Move through the booby traps

When we set off on a course of internal investigation, we meet many sides of our self we may not expect: defiance, innocence, and isolation. As we navigate our internal seas with grace, we begin to understand that everything we've internalized isn't necessarily true. Our spirit offers an alternative to our mind games.

Down the rabbit hole we go.

Monday, February 14, 2011

Junk Mail from God


For many years now, All-that-is has spoken to me through junk mail. Unsolicited Teacher Resource magazines, Feild and Stream and Essence have thudded their way into my mail box with my name etched onto a glued piece of paper.  As each arrived, I had the same response, "Huh?."  Initially I was dumbfounded,  I'd ask, "What do I need Field and Stream for? I don't hunt."

When I received the first magazine, I knew it was a sign. But the future it suggested had no ties to my present. So I noted the future poking it's head into my present and let it rest. 

As each new mag presented itself, I was intrigued. These random, slightly absurd calling cards from She-who-cannot-be-named had my current address printed on the front page in tidy letters. How did she know I moved from Maryland to California to Cape Cod? 

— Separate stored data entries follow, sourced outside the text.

definition openstar :: "(complex \<Rightarrow> complex) set \<Rightarrow> extpt set \<Rightarrow> bool" where
  "openstar \<Gamma> U \<longleftrightarrow> U \<subseteq> hstar \<Gamma> \<and> open (Fin -` U \<inter> uhp) \<and>
     (\<forall>s \<in> U \<inter> cusps \<Gamma>. \<exists>r>0. insert s (horodisc s r) \<subseteq> U)"

definition hstar_top :: "(complex \<Rightarrow> complex) set \<Rightarrow> extpt topology" where
  "hstar_top \<Gamma> = topology (openstar \<Gamma>)"

definition orbit :: "(complex \<Rightarrow> complex) set \<Rightarrow> extpt \<Rightarrow> extpt set" where
  "orbit \<Gamma> p = {act f p | f. f \<in> \<Gamma>}"

definition compact_quotient :: "(complex \<Rightarrow> complex) set \<Rightarrow> bool" where
  "compact_quotient \<Gamma> \<longleftrightarrow>
     (\<exists>Q. quotient_map (hstar_top \<Gamma>) Q (orbit \<Gamma>) \<and> compact_space Q)"

definition real_fuchsian :: "(complex \<Rightarrow> complex) set \<Rightarrow> (complex \<Rightarrow> complex) \<Rightarrow> bool" where
  "real_fuchsian \<Gamma> c \<longleftrightarrow> discrete_subgroup \<Gamma> \<and> complex_conjugation c \<and>
     conj_by c ` \<Gamma> = \<Gamma> \<and> compact_quotient \<Gamma>"

definition admissible :: "(complex \<Rightarrow> complex) \<Rightarrow> (complex \<Rightarrow> complex) \<Rightarrow> bool" where
  "admissible c g \<longleftrightarrow> conj_by c g = minv g"

text \<open>Points of \<open>C_\<gamma>\<close> lying in the upper half-plane (cusps are never elliptic).\<close>
definition Cset :: "(complex \<Rightarrow> complex) \<Rightarrow> (complex \<Rightarrow> complex) \<Rightarrow> complex set" where
  "Cset c g = {z \<in> uhp. g z = c z}"

definition Zset :: "(complex \<Rightarrow> complex) set \<Rightarrow> (complex \<Rightarrow> complex) \<Rightarrow> (complex \<Rightarrow> complex)
                     \<Rightarrow> (complex \<Rightarrow> complex) set" where
  "Zset \<Gamma> c g = {\<sigma> \<in> \<Gamma>. mcomp (mcomp (conj_by c \<sigma>) g) (minv \<sigma>) = g}"

definition stab :: "(complex \<Rightarrow> complex) set \<Rightarrow> complex \<Rightarrow> (complex \<Rightarrow> complex) set" where
  "stab \<Gamma> z = {\<sigma> \<in> \<Gamma>. \<sigma> z = z}"

definition elliptic_even :: "(complex \<Rightarrow> complex) set \<Rightarrow> complex \<Rightarrow> bool" where
  "elliptic_even \<Gamma> z \<longleftrightarrow> z \<in> uhp \<and> finite (stab \<Gamma> z) \<and> even (card (stab \<Gamma> z))"

definition order_two :: "(complex \<Rightarrow> complex) \<Rightarrow> bool" where
  "order_two \<sigma> \<longleftrightarrow> \<sigma> \<noteq> mid \<and> mcomp \<sigma> \<sigma> = mid"

end

theory Submission
  imports Defs "HOL-Library.Z2" "HOL-Library.Disjoint_Sets"
begin

text \<open>
  An element of order two of \<open>PSL\<^sub>2(\<real>)\<close> has trace zero, hence exactly one fixed point in the
  upper half-plane, and two such elements with a common fixed point coincide.
  If \<open>\<sigma> \<in> Z\<^sub>\<gamma>\<close> has order two and fixes \<open>z\<close>, the relation \<open>\<sigma>\<^sup>c \<gamma> = \<gamma> \<sigma>\<close> shows that \<open>c (\<gamma> z)\<close> is
  fixed by \<open>\<sigma>\<close> as well, so \<open>\<gamma> z = c z\<close>; the stabiliser of \<open>z\<close> is finite by discreteness and
  of even order because left multiplication by \<open>\<sigma>\<close> is a fixed-point-free involution on it.
  Conversely, a finite stabiliser of even order contains an element of order two \<open>\<sigma>\<close>
  (pair every element with its inverse), and if \<open>\<gamma> z = c z\<close> then \<open>\<gamma>\<^sup>-\<^sup>1 \<sigma>\<^sup>c \<gamma>\<close> is another element
  of order two fixing \<open>z\<close>, so it equals \<open>\<sigma>\<close>, which says \<open>\<sigma> \<in> Z\<^sub>\<gamma>\<close>.
\<close>

section \<open>Matrices and Moebius transformations\<close>

definition mat_mul :: "mat2 \<Rightarrow> mat2 \<Rightarrow> mat2" where
  "mat_mul M N = (case M of (a,b,c,d) \<Rightarrow> case N of (a',b',c',d') \<Rightarrow>
     (a*a'+b*c', a*b'+b*d', c*a'+d*c', c*b'+d*d'))"

definition mat_adj :: "mat2 \<Rightarrow> mat2" where
  "mat_adj M = (case M of (a,b,c,d) \<Rightarrow> (d,-b,-c,a))"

The Absolute Truth had sent me a Teacher's Resource Magazine as the first informal glossy. Three years later, I was a teacher, struggling to teach 8 year olds the finer points of theatre at a summer program in Alaska. 


One fresh morning the children were hiding in the science cabinets and trash cans when I came in from the staff meeting. We had a good laugh until I could not talk one particular stubborn child out of the trash can. So I pulled the can up to the circle and the oh-stubborn-one did her morning warm-ups in there, until she fell over as she stretched.

Her tumbling set me off on a 17 year series of teaching jobs. I taught all ages, but it was the youngest of my students that I learned the most from. 


I had been gently led back into my childhood, as a teacher. I had to reclaim my inner and abandoned girl child who had forgotten how to play and hid from others. I needed to learn it was ok to make a mistake. And God sent me the sign through junk mail.

I never did question the Cosmic Controller, why not O, The Oprah Magazine or The Sun? I assumed she was decisive in her choices.  As the supplements wound up in my post, if I was feeling stuck, I accepted my junk mail with a sense of curious dread,  "Now what? Which direction am I supposed to head in, that I am obviously missing?" Why else would I receive these directional love notes?  



But, I hadn't missed anything.  The installments I received were spiritual hellos about my path. Hello Michelle, this is coming. Michelle, you might enjoy this, Hello. And Hello, you have some answers in this direction.

I knew I would have to decipher her messages and enjoy my future as it landed in my lap.